Recent findings in the field of motor learning have pointed to the combined action of multiple mechanisms that potentially contribute to changes in motor output during adaptation. A nearly ubiquitous motor learning process occurs via the trial-by-trial compensation of motor errors, often attributed to cerebellar-dependent updating. This error-based learning process is slow and largely unconscious. Additional learning processes that are rapid (e.g., explicit strategy-based compensation) have been described in discrete movements like goal-directed reaching adaptation. However, the role of rapid motor updating during continuous movements such as walking has been either under-explored or inconsistent with those found during the adaptation of discrete movements. Indeed, previous results have largely discounted the role of explicit strategy-based mechanisms for locomotor learning. In the current manuscript, Rossi et al. provide convincing evidence for a previously unknown rapid updating mechanism for locomotor adaptation. Unlike the now well-studied explicit strategies employed during reaching movements, the authors demonstrate that this stimulus-response mapping process is largely unconscious. The authors show that in approximately half of subjects, the mapping process appears to be memory-based while the remainder of subjects appear to perform structural learning of the task design. The participants that learned using a structural approach had the capability to rapidly generalize to previously unexplored regions of the perturbation space.

One result that will likely be particularly important to the field of motor learning is the authors' quite convincing correlation between the magnitude of proprioceptive recalibration and the magnitude error-based updating. This result beautifully parallels results in other motor learning tasks and appears to provide a robust marker for the magnitude of the mapping process (by means of subtracting off the contribution of error-based motor learning). This is a fascinating result with implications for the motor learning field well beyond the current study.

A major strength of this manuscript is the large sample size across experiments and the extent of replication performed by the authors in multiple control experiments.

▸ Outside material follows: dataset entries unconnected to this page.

(* Let $\gamma>0$, $\tau>1$, $\alpha\in D_{\gamma,\tau}$, and let $p_n/q_n$ be the convergents of $\alpha$. For even $n$ put $I_n:=\left(\frac{p_n}{q_n},\frac{p_{n+2}}{q_{n+2}}\right)$. Suppose there is $N\in\mathbb{N}$ such that for every even $n>N$, $$\frac{p_n}{q_n}+\frac{\gamma}{q_n^{\tau+1}}<\frac{p_{n+2}}{q_{n+2}}-\frac{\gamma}{q_{n+2}^{\tau+1}},$$ and for even $n>N$ define $A_n:=\left(\frac{p_n}{q_n}+\frac{\gamma}{q_n^{\tau+1}},\ \frac{p_{n+2}}{q_{n+2}}-\frac{\gamma}{q_{n+2}^{\tau+1}}\right)$. Suppose moreover that for every even $n$, $$\alpha-\frac{p_n}{q_n}>\frac{\gamma}{q_n^{\tau+1}}.$$ Then there exists $N_1\in\mathbb{N}$ such that for every even $n>N_1$ and every rational $p/q$ ($p\in\mathbb{Z},q\in\mathbb{N}$): if $p/q\notin I_n$, then $\frac{p}{q}+\frac{\gamma}{q^{\tau+1}}\notin A_n$ and $\frac{p}{q}-\frac{\gamma}{q^{\tau+1}}\notin A_n$.
   Context: For $x\in\mathbb{R}$, $\|x\|:=\min_{p\in\mathbb{Z}}|x-p|$; $\mathbb{N}=\{1,2,\dots\}$. For $\gamma>0,\tau\ge1$, $D_{\gamma,\tau}:=\{\alpha\in(0,1): \|q\alpha\|\ge\gamma/q^\tau\ \forall q\in\mathbb{N}\}$; its elements are irrational. For irrational $\alpha\in(0,1)$ write $\alpha=\cfrac{1}{a_1+\cfrac{1}{a_2+\cdots}}$ (so $a_0=0$), and let $p_n/q_n$ ($n\ge0$) be its convergents: $p_{-1}=1,q_{-1}=0,p_0=0,q_0=1$, $p_n=a_np_{n-1}+p_{n-2}$, $q_n=a_nq_{n-1}+q_{n-2}$. Even-indexed convergents lie below $\alpha$. *)

theory Defs
  imports Complex_Main
begin

definition dist_int :: "real \<Rightarrow> real" where
  "dist_int x = \<bar>x - round x\<bar>"

definition Dioph :: "real \<Rightarrow> real \<Rightarrow> real set" where
  "Dioph \<gamma> \<tau> = {\<alpha>. 0 < \<alpha> \<and> \<alpha> < 1 \<and>
      (\<forall>q::nat. q \<ge> 1 \<longrightarrow> dist_int (real q * \<alpha>) \<ge> \<gamma> / real q powr \<tau>)}"

fun cf_rem :: "real \<Rightarrow> nat \<Rightarrow> real" where
  "cf_rem \<alpha> 0 = \<alpha>"
| "cf_rem \<alpha> (Suc n) = frac (1 / cf_rem \<alpha> n)"

text \<open>Partial quotients a_n (n >= 1); a_0 = 0 for alpha in (0,1).\<close>
definition cf_a :: "real \<Rightarrow> nat \<Rightarrow> int" where
  "cf_a \<alpha> n = (if n = 0 then 0 else \<lfloor>1 / cf_rem \<alpha> (n - 1)\<rfloor>)"

text \<open>Convergent numerators/denominators with p_{-1}=1, q_{-1}=0, p_0=0, q_0=1.\<close>
fun cf_p :: "real \<Rightarrow> nat \<Rightarrow> int" where
  "cf_p \<alpha> 0 = 0"
| "cf_p \<alpha> (Suc 0) = cf_a \<alpha> 1 * 0 + 1"
| "cf_p \<alpha> (Suc (Suc n)) = cf_a \<alpha> (n + 2) * cf_p \<alpha> (Suc n) + cf_p \<alpha> n"

fun cf_q :: "real \<Rightarrow> nat \<Rightarrow> int" where
  "cf_q \<alpha> 0 = 1"
| "cf_q \<alpha> (Suc 0) = cf_a \<alpha> 1 * 1 + 0"
| "cf_q \<alpha> (Suc (Suc n)) = cf_a \<alpha> (n + 2) * cf_q \<alpha> (Suc n) + cf_q \<alpha> n"

definition conv :: "real \<Rightarrow> nat \<Rightarrow> real" where
  "conv \<alpha> n = real_of_int (cf_p \<alpha> n) / real_of_int (cf_q \<alpha> n)"

end

theory Submission
  imports Defs
begin
lemma central_linear_row_step:
  assumes "central_linear \<Phi>"
  shows "central_linear (\<lambda>X. \<Phi> (row_step j X))"
  unfolding central_linear_def
proof (intro conjI allI impI)
  fix A B
  have "row_step j (\<lambda>r d. A r d + B r d) = (\<lambda>r d. row_step j A r d + row_step j B r d)"
    by (simp add: row_step_def fun_eq_iff algebra_simps)
  then show "\<Phi> (row_step j (\<lambda>r d. A r d + B r d)) = \<Phi> (row_step j A) + \<Phi> (row_step j B)"
    using assms unfolding central_linear_def by simp
next
  fix c A assume c: "central (c::'r)"
  have "e_shift j * (c * x) - \<delta> * (c * y) = c * (e_shift j * x - \<delta> * y)" for x y
    using central_commute[OF c, of "e_shift j"] central_commute[OF c, of \<delta>]
    by (simp add: right_diff_distrib mult.assoc[symmetric])
  then have "row_step j (\<lambda>r d. c * A r d) = (\<lambda>r d. c * row_step j A r d)"
    by (simp add: row_step_def fun_eq_iff)
  then show "\<Phi> (row_step j (\<lambda>r d. c * A r d)) = c * \<Phi> (row_step j A)"
    using assms c unfolding central_linear_def by simp
qed

lemma alt_rows_row_step:
  assumes "alt_rows \<Phi> (Suc j)"
  shows "alt_rows (\<lambda>X. \<Phi> (row_step (Suc j) X)) j"
  unfolding alt_rows_def
proof (intro allI impI)
  fix i i' N assume h: "1 \<le> (i::nat)" "i < i'" "i' \<le> j"
  have "r \<circ> \<tau> 0 (Suc j) \<circ> \<tau> i i' = r \<circ> \<tau> i i' \<circ> \<tau> 0 (Suc j)" for r :: "nat \<Rightarrow> nat"
    using transpose_comp_disjoint[of i i' "Suc j"] h by (simp add: comp_assoc)
  then have "row_step (Suc j) (\<lambda>r d. N (r \<circ> \<tau> i i') d) = (\<lambda>r d. row_step (Suc j) N (r \<circ> \<tau> i i') d)"
    by (simp only: row_step_def)
  then show "\<Phi> (row_step (Suc j) (\<lambda>r d. N (r \<circ> \<tau> i i') d)) = - \<Phi> (row_step (Suc j) N)"
    using assms h unfolding alt_rows_def by simp
qed

lemma row_step_swap:
  assumes "central_linear \<Phi>" and "alt_rows \<Phi> (Suc j)" and "i \<in> {1..j}"
  shows "\<Phi> (row_step (Suc j) (\<lambda>r d. N (r \<circ> \<tau> 0 i) d))
    = e_shift (Suc j) * \<Phi> (\<lambda>r d. N (r \<circ> \<tau> 0 i) d) + \<delta> * \<Phi> (\<lambda>r d. N (r \<circ> \<tau> 0 (Suc j)) d)"
proof -
  let ?J = "Suc j"
  have "r \<circ> \<tau> 0 ?J \<circ> \<tau> 0 i = r \<circ> \<tau> i ?J \<circ> \<tau> 0 ?J" for r :: "nat \<Rightarrow> nat"
    using transpose_0_comp_0[of i ?J] assms(3) by (simp add: comp_assoc)
  then have h: "(\<lambda>r d. N (r \<circ> \<tau> 0 ?J \<circ> \<tau> 0 i) d) = (\<lambda>r d. (\<lambda>r d. N (r \<circ> \<tau> 0 ?J) d) (r \<circ> \<tau> i ?J) d)"
    by simp
  have "\<Phi> (row_step ?J (\<lambda>r d. N (r \<circ> \<tau> 0 i) d))
      = e_shift ?J * \<Phi> (\<lambda>r d. N (r \<circ> \<tau> 0 i) d) - \<delta> * \<Phi> (\<lambda>r d. N (r \<circ> \<tau> 0 ?J \<circ> \<tau> 0 i) d)"
    unfolding row_step_def by (rule central_linear_diff[OF assms(1) central_e_shift central_\<delta>])
  also have "\<Phi> (\<lambda>r d. N (r \<circ> \<tau> 0 ?J \<circ> \<tau> 0 i) d) = - \<Phi> (\<lambda>r d. N (r \<circ> \<tau> 0 ?J) d)"
  proof -
    have "\<And>M. \<Phi> (\<lambda>r d. M (r \<circ> \<tau> i ?J) d) = - \<Phi> M"
      using assms(2,3) unfolding alt_rows_def by auto
    then show ?thesis unfolding h .
  qed
  finally show ?thesis by (simp only: diff_minus_eq_add mult_minus_right)
qed

lemma row_steps_alt:
  "1 \<le> j \<Longrightarrow> central_linear \<Phi> \<Longrightarrow> alt_rows \<Phi> j \<Longrightarrow>
    \<Phi> (row_steps j N) = e_shift_prod j * (e * \<Phi> N - \<delta> * (\<Sum>i=1..j. \<Phi> (\<lambda>r d. N (r \<circ> \<tau> 0 i) d)))"
proof (induction j arbitrary: \<Phi> N rule: nat_induct_at_least)
  case base
  then show ?case
    using central_linear_diff[OF base(1) central_e_shift central_\<delta>, of 1 N "\<lambda>r d. N (r \<circ> \<tau> 0 1) d"]
    by (simp add: row_step_def e_shift_def del: comp_apply)
next
  case (Suc j)
  let ?J = "Suc j"
  define \<Psi> where "\<Psi> = (\<lambda>X. \<Phi> (row_step ?J X))"
  have IH: "\<Psi> (row_steps j N) = e_shift_prod j * (e * \<Psi> N - \<delta> * (\<Sum>i=1..j. \<Psi> (\<lambda>r d. N (r \<circ> \<tau> 0 i) d)))"
    using Suc.IH[OF central_linear_row_step[OF Suc.prems(1)] alt_rows_row_step[OF Suc.prems(2)]]
    unfolding \<Psi>_def .
  have \<Psi>N: "\<Psi> N = e_shift ?J * \<Phi> N - \<delta> * \<Phi> (\<lambda>r d. N (r \<circ> \<tau> 0 ?J) d)"
    unfolding \<Psi>_def row_step_def by (rule central_linear_diff[OF Suc.prems(1) central_e_shift central_\<delta>])
  have "\<Phi> (row_steps ?J N) = \<Psi> (row_steps j N)" by (simp add: \<Psi>_def)
  also have "\<dots> = e_shift_prod j * (e * (e_shift ?J * \<Phi> N - \<delta> * \<Phi> (\<lambda>r d. N (r \<circ> \<tau> 0 ?J) d))
      - \<delta> * (e_shift ?J * (\<Sum>i=1..j. \<Phi> (\<lambda>r d. N (r \<circ> \<tau> 0 i) d)) + of_nat j * (\<delta> * \<Phi> (\<lambda>r d. N (r \<circ> \<tau> 0 ?J) d))))"
    using IH \<Psi>N unfolding \<Psi>_def by (simp add: row_step_swap[OF Suc.prems] sum.distrib sum_distrib_left)
  also have "\<dots> = e_shift_prod j * e_shift ?J
      * (e * \<Phi> N - \<delta> * ((\<Sum>i=1..j. \<Phi> (\<lambda>r d. N (r \<circ> \<tau> 0 i) d)) + \<Phi> (\<lambda>r d. N (r \<circ> \<tau> 0 ?J) d)))"
    by (simp add: e_shift_Suc_combine mult.assoc)
  also have "\<dots> = e_shift_prod ?J * (e * \<Phi> N - \<delta> * (\<Sum>i=1..?J. \<Phi> (\<lambda>r d. N (r \<circ> \<tau> 0 i) d)))"
    using Suc.hyps by (cases j) auto
  finally show ?case .
qed

definition row_antisym :: "((nat \<Rightarrow> nat) \<Rightarrow> (nat \<Rightarrow> nat) \<Rightarrow> 'r) \<Rightarrow> (nat \<Rightarrow> nat) \<Rightarrow> (nat \<Rightarrow> nat) \<Rightarrow> 'r" where
  "row_antisym N = (\<lambda>r d. \<Sum>\<sigma>\<in>{\<sigma>. \<sigma> permutes {1..m}}. of_int (sign \<sigma>) * N (r \<circ> \<sigma>) d)"

lemma row_antisym_col_step: "row_antisym (col_step i N) = col_step i (row_antisym N)"
proof -
  have "of_int z * (e_shift i * x - \<delta> * y) = e_shift i * (of_int z * x) - \<delta> * (of_int z * y)" for z x y
    using central_commute[OF central_e_shift, of i "of_int z"] central_commute[OF central_\<delta>, of "of_int z"]
    by (simp add: right_diff_distrib mult.assoc[symmetric])
  then show ?thesis
    unfolding row_antisym_def col_step_def by (simp add: fun_eq_iff sum_subtractf sum_distrib_left)
qed

lemma row_antisym_col_steps: "row_antisym (col_steps i N) = col_steps i (row_antisym N)"
  by (induction i arbitrary: N) (simp_all add: row_antisym_col_step)

lemma central_linear_row_antisym: "central_linear (\<lambda>N. row_antisym N r d)"
  unfolding central_linear_def
proof (intro conjI allI impI)
  fix A B
  show "row_antisym (\<lambda>r d. A r d + B r d) r d = row_antisym A r d + row_antisym B r d"
    by (simp add: row_antisym_def distrib_left sum.distrib)
next
  fix c A assume c: "central (c::'r)"
  have "of_int z * (c * x) = c * (of_int z * x)" for z x
    using central_commute[OF c, of "of_int z"] by (simp add: mult.assoc[symmetric])
  then show "row_antisym (\<lambda>r d. c * A r d) r d = c * row_antisym A r d"
    by (simp add: row_antisym_def sum_distrib_left)
qed

lemma alt_rows_row_antisym: "alt_rows (\<lambda>N. row_antisym N r d) m"
  unfolding alt_rows_def
proof (intro allI impI)
  fix i i' N assume h: "1 \<le> (i::nat)" "i < i'" "i' \<le> m"
  show "row_antisym (\<lambda>r d. N (r \<circ> \<tau> i i') d) r d = - row_antisym N r d"
    using sum_sign_compose_transpose[OF h, of "\<lambda>\<sigma>. N (r \<circ> \<sigma>) d"]
    by (simp add: row_antisym_def comp_assoc del: comp_apply)
qed

lemma row_antisym_Tword_last: "row_antisym (Tword m) r d = minor F m r d * T (r 0) (d 0)"
proof -
  have "of_int (sign \<sigma>) * Tword m (r \<circ> \<sigma>) d = of_int (sign \<sigma>) * seg_prod F 1 m (r \<circ> \<sigma>) d * T (r 0) (d 0)"
    if "\<sigma> \<in> {\<sigma>. \<sigma> permutes {1..m}}" for \<sigma>
    using permutes_interval_fixes_0[OF that] by (simp add: Tword_def seg_prod_empty mult.assoc)
  then show ?thesis
    unfolding row_antisym_def minor_def sum_distrib_right by (intro sum.cong) auto
qed

lemma alt_cols_row_antisym_Tword_last:
  assumes "\<And>a b i i'. 1 \<le> i \<Longrightarrow> i < i' \<Longrightarrow> i' \<le> m \<Longrightarrow> minor F m a (b \<circ> \<tau> i i') = - minor F m a b"
  shows "alt_cols (row_antisym (Tword m)) m"
  unfolding alt_cols_def row_antisym_Tword_last
proof (intro allI impI)
  fix i i' :: nat and r d :: "nat \<Rightarrow> nat" assume h: "1 \<le> i" "i < i'" "i' \<le> m"
  then have "(d \<circ> \<tau> i i') 0 = d 0" by (simp add: transpose_def)
  then show "minor F m r (d \<circ> \<tau> i i') * T (r 0) ((d \<circ> \<tau> i i') 0) = - (minor F m r d * T (r 0) (d 0))"
    using assms[OF h] by simp
qed

text \<open>Both sides of \<open>row_steps_Tword\<close>, antisymmetrised over the rows, telescope to
  \<open>e_shift_prod m\<close> times one side of the commutator formula.\<close>

lemma e_shift_prod_identity:
  assumes "1 \<le> m" and "alt_cols (row_antisym (Tword m)) m"
  shows "e_shift_prod m * (e * row_antisym (Tword 0) r d
           - \<delta> * (\<Sum>i=1..m. row_antisym (\<lambda>r d. Tword 0 (r \<circ> \<tau> 0 i) d) r d))
       = e_shift_prod m * (e * row_antisym (Tword m) r d
           - \<delta> * (\<Sum>i=1..m. row_antisym (Tword m) r (d \<circ> \<tau> 0 i)))"
proof -
  have "row_antisym (row_steps m (Tword 0)) r d = row_antisym (col_steps m (Tword m)) r d"
    using row_steps_Tword by simp
  then show ?thesis
    unfolding row_steps_alt[OF assms(1) central_linear_row_antisym alt_rows_row_antisym]
      row_antisym_col_steps col_steps_alt[OF assms] .
qed

lemma row_antisym_Tword_first:
  "row_antisym (Tword 0) (a(0 := k)) (b(0 := l)) = T k l * minor F m a b"
proof -
  have "of_int (sign \<sigma>) * Tword 0 (a(0 := k) \<circ> \<sigma>) (b(0 := l)) = T k l * (of_int (sign \<sigma>) * seg_prod F 1 m (a \<circ> \<sigma>) b)"
    if s: "\<sigma> \<in> {\<sigma>. \<sigma> permutes {1..m}}" for \<sigma>
  proof -
    have "seg_prod F 1 m (a(0 := k) \<circ> \<sigma>) (b(0 := l)) = seg_prod F 1 m (a \<circ> \<sigma>) b"
    proof (rule seg_prod_cong)
      fix j assume "1 \<le> j" "j \<le> m"
      then have "\<sigma> j \<in> {1..m}" using permutes_interval_in[OF s, of j] by auto
      then show "(a(0 := k) \<circ> \<sigma>) j = (a \<circ> \<sigma>) j \<and> (b(0 := l)) j = b j" using \<open>1 \<le> j\<close> by auto
    qed
    then show ?thesis
      using permutes_interval_fixes_0[OF s]
      by (simp add: Tword_def seg_prod_empty) (metis mult.assoc mult_of_int_commute)
  qed
  then show ?thesis
    unfolding row_antisym_def minor_def sum_distrib_left by (intro sum.cong) auto
qed

lemma mult_of_int_left_commute: "of_int z * (X * Y) = X * (of_int z * (Y::'r))"
  by (metis mult.assoc mult_of_int_commute)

Finally, I commend the authors on extending their original observations via Experiment 2. While it seems that participants use a range of mapping mechanisms (or indeed a combination of multiple mapping mechanisms), future experiments may be able to tease apart why some subjects use memory versus structural mapping. A future ability to push subjects to learn structurally-based mapping rules has the potential to inform rehabilitation strategies.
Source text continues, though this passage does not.